[[ RECORDS SUPPLIED, beginning ]]

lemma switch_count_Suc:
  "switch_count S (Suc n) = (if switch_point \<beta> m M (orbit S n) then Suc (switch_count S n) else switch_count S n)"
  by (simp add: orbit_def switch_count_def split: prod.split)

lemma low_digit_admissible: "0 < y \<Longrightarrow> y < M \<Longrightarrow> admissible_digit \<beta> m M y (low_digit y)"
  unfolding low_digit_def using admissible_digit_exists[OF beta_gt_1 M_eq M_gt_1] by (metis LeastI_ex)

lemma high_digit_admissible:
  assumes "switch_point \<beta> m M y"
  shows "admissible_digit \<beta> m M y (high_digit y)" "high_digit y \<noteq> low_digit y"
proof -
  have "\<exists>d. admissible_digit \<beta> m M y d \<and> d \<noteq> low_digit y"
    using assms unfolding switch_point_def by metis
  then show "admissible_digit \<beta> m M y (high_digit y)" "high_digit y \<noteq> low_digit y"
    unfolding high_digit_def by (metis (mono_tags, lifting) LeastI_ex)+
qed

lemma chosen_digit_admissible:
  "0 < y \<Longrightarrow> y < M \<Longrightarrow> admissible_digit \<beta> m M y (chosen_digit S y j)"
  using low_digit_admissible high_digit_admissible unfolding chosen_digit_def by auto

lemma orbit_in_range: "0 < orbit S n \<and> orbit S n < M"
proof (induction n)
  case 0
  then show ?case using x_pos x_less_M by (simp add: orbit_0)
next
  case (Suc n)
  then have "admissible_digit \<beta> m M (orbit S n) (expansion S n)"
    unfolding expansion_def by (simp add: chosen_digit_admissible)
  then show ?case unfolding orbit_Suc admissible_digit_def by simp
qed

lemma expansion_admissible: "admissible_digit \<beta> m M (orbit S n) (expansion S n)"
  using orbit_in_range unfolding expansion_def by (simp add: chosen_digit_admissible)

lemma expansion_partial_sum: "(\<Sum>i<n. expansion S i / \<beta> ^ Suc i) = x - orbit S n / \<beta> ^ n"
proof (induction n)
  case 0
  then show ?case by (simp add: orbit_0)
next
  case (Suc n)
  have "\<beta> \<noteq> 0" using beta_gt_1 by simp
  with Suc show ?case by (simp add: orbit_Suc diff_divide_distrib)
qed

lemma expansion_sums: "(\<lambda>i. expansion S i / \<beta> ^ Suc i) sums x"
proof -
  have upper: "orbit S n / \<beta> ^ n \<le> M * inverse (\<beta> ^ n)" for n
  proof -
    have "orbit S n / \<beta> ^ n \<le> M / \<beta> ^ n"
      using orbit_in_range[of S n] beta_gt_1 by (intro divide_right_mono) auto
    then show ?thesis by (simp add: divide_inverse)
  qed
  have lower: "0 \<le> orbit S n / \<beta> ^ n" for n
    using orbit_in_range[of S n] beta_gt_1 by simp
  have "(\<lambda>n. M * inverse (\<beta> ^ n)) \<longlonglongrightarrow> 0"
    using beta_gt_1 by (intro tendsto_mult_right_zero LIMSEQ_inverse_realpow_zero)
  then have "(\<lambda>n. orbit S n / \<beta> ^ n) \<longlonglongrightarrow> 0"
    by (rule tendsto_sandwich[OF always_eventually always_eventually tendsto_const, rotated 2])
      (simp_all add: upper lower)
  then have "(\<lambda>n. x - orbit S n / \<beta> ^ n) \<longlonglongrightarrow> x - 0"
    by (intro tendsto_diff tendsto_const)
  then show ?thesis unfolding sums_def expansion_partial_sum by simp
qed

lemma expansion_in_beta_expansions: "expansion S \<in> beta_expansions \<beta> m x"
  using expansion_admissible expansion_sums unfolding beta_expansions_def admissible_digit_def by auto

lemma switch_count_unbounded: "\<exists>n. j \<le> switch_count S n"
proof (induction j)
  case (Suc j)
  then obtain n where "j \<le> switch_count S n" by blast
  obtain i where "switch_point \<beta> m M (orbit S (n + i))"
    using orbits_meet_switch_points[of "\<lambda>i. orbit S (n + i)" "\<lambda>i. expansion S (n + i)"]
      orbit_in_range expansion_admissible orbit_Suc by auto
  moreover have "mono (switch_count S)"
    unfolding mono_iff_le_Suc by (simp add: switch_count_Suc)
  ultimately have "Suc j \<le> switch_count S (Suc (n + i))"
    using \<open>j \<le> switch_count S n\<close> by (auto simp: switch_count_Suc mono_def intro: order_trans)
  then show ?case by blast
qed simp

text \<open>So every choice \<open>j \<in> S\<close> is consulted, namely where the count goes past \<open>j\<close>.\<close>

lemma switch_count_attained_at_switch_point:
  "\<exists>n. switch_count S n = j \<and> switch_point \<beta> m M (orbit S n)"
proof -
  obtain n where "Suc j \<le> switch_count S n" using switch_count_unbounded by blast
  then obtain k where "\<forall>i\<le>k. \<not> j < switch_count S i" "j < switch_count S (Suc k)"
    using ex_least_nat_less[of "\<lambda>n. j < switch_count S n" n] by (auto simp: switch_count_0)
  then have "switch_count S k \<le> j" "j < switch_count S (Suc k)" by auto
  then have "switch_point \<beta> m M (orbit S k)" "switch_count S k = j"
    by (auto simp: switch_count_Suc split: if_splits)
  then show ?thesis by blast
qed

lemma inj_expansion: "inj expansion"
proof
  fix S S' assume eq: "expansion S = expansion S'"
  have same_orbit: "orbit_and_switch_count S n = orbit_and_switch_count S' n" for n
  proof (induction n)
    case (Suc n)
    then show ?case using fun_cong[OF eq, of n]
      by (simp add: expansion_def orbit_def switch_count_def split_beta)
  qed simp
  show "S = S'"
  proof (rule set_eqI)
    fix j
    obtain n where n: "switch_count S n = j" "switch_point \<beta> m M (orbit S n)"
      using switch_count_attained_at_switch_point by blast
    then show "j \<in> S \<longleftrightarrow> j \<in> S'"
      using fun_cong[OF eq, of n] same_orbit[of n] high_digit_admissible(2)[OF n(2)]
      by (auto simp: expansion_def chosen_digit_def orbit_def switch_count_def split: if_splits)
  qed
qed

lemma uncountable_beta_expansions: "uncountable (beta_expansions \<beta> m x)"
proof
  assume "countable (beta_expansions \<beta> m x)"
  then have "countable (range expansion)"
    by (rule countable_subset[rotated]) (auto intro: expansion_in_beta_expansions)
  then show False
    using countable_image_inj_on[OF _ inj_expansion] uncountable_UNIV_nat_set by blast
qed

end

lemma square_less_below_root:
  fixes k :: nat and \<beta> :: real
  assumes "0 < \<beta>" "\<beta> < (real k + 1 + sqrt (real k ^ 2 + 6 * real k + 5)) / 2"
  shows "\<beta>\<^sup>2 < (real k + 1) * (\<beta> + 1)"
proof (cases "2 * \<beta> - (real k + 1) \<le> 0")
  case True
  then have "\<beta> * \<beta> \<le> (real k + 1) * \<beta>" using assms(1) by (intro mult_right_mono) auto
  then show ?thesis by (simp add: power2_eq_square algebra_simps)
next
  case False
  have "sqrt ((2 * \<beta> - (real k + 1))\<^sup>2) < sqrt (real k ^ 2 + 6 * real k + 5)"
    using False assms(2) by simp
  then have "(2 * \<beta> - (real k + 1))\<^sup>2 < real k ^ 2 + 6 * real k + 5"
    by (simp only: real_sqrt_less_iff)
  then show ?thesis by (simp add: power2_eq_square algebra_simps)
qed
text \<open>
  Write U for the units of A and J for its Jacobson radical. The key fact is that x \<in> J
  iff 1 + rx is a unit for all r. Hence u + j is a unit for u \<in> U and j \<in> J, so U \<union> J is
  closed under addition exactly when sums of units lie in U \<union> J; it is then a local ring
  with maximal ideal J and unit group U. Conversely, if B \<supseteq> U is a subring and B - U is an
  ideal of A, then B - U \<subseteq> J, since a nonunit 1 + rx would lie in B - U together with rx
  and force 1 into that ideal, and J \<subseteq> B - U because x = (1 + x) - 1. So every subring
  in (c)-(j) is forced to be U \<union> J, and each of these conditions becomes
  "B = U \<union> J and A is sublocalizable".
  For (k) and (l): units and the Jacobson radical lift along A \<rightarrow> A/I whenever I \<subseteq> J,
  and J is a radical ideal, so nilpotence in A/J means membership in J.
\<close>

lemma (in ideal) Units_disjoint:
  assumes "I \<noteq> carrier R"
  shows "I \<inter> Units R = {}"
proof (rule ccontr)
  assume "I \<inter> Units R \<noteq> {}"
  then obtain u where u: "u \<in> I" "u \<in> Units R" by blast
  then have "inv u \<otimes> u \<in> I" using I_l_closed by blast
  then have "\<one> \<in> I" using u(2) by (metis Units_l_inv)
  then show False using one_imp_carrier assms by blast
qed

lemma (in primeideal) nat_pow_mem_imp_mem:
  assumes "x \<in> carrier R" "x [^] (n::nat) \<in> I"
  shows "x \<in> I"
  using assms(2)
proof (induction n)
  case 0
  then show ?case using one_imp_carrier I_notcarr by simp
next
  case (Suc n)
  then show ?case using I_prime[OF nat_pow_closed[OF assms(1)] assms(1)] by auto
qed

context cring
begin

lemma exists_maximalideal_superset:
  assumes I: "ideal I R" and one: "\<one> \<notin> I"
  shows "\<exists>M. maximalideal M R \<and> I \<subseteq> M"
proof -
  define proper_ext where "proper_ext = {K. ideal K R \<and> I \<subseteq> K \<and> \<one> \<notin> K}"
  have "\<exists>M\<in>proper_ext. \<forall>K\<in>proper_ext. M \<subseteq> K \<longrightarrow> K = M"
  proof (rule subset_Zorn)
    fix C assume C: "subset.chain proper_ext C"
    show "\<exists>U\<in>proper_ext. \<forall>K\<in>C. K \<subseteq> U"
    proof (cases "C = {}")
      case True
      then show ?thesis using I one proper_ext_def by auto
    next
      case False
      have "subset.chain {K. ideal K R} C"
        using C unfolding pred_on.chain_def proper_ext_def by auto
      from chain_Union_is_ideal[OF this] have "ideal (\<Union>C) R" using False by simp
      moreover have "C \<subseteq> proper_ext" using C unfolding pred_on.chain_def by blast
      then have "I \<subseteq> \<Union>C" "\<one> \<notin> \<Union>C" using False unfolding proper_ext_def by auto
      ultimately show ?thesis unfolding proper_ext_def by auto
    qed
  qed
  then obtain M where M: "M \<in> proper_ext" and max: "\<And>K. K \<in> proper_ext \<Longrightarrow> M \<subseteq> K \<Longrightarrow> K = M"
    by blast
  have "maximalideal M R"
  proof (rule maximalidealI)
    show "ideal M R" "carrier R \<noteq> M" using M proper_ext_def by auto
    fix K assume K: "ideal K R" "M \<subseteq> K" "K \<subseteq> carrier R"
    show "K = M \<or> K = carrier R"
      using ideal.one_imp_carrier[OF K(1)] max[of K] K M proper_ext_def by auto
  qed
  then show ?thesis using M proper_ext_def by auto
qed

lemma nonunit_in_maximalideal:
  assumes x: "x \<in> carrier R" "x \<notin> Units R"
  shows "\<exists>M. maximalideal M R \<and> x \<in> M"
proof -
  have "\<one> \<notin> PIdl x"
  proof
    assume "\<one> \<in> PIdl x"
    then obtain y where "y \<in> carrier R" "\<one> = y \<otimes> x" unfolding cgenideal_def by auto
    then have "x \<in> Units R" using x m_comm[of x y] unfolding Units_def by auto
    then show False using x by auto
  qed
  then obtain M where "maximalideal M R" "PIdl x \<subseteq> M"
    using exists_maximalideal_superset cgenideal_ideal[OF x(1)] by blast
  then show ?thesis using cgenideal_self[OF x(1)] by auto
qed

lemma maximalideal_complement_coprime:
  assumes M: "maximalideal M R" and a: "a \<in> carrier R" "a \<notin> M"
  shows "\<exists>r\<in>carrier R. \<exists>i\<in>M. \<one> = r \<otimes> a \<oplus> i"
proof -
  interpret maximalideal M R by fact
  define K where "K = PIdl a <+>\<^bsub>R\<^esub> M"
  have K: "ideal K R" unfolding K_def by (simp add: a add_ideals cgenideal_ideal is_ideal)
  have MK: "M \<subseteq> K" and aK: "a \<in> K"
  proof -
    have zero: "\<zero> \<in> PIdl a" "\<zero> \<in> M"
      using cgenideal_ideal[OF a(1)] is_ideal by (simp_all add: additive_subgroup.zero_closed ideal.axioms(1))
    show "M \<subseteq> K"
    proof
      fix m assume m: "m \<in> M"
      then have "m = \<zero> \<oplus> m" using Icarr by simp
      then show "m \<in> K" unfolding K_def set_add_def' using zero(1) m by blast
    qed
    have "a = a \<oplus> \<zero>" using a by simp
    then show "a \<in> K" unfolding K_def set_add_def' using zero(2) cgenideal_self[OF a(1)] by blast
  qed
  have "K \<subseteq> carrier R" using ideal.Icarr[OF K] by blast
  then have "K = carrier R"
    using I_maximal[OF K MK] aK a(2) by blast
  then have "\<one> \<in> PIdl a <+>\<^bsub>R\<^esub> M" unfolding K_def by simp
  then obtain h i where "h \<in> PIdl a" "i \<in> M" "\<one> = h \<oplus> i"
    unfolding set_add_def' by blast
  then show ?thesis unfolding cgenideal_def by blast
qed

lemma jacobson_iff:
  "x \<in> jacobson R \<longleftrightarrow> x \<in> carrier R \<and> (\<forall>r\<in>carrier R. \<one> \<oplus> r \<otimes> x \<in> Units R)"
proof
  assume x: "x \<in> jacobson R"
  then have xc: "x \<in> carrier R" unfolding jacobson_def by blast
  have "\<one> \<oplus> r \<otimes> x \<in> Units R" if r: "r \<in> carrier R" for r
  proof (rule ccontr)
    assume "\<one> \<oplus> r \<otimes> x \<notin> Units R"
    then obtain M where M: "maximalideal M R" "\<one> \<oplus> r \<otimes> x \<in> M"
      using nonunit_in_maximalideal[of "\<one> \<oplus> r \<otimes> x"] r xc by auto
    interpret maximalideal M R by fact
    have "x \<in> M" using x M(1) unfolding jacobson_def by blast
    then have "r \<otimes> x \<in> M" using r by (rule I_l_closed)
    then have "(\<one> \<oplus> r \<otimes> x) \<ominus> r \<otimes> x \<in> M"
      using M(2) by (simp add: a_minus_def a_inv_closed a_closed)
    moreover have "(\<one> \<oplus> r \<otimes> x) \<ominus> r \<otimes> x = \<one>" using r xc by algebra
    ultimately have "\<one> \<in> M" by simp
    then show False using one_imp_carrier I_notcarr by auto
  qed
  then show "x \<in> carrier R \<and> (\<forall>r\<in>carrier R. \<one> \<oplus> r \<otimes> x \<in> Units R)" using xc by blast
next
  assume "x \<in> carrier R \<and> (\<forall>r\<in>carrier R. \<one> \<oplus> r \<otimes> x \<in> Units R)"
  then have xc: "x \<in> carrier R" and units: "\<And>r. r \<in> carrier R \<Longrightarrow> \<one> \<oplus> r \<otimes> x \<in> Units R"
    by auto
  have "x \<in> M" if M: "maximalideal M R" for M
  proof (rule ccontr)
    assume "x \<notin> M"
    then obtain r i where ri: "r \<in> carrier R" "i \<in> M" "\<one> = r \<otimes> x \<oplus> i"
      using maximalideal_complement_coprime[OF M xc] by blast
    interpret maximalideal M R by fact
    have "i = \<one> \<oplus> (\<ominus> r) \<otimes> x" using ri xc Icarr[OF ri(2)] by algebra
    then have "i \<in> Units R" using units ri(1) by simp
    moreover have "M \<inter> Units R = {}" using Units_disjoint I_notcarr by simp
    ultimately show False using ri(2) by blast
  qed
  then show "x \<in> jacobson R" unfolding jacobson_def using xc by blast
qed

[[ RECORDS SUPPLIED, end ]]

» **EXERCISE BRIEF**
What you give back should be exactly the lines of the data above from the line with "Units R \<noteq>" through the line with "False unfolding proper_ext_def by auto", both of those included, and nothing more.

» **EXERCISE SOLUTION**
  assume "I \<inter> Units R \<noteq> {}"
  then obtain u where u: "u \<in> I" "u \<in> Units R" by blast
  then have "inv u \<otimes> u \<in> I" using I_l_closed by blast
  then have "\<one> \<in> I" using u(2) by (metis Units_l_inv)
  then show False using one_imp_carrier assms by blast
qed

lemma (in primeideal) nat_pow_mem_imp_mem:
  assumes "x \<in> carrier R" "x [^] (n::nat) \<in> I"
  shows "x \<in> I"
  using assms(2)
proof (induction n)
  case 0
  then show ?case using one_imp_carrier I_notcarr by simp
next
  case (Suc n)
  then show ?case using I_prime[OF nat_pow_closed[OF assms(1)] assms(1)] by auto
qed

context cring
begin

lemma exists_maximalideal_superset:
  assumes I: "ideal I R" and one: "\<one> \<notin> I"
  shows "\<exists>M. maximalideal M R \<and> I \<subseteq> M"
proof -
  define proper_ext where "proper_ext = {K. ideal K R \<and> I \<subseteq> K \<and> \<one> \<notin> K}"
  have "\<exists>M\<in>proper_ext. \<forall>K\<in>proper_ext. M \<subseteq> K \<longrightarrow> K = M"
  proof (rule subset_Zorn)
    fix C assume C: "subset.chain proper_ext C"
    show "\<exists>U\<in>proper_ext. \<forall>K\<in>C. K \<subseteq> U"
    proof (cases "C = {}")
      case True
      then show ?thesis using I one proper_ext_def by auto
    next
      case False
      have "subset.chain {K. ideal K R} C"
        using C unfolding pred_on.chain_def proper_ext_def by auto
      from chain_Union_is_ideal[OF this] have "ideal (\<Union>C) R" using False by simp
      moreover have "C \<subseteq> proper_ext" using C unfolding pred_on.chain_def by blast
      then have "I \<subseteq> \<Union>C" "\<one> \<notin> \<Union>C" using False unfolding proper_ext_def by auto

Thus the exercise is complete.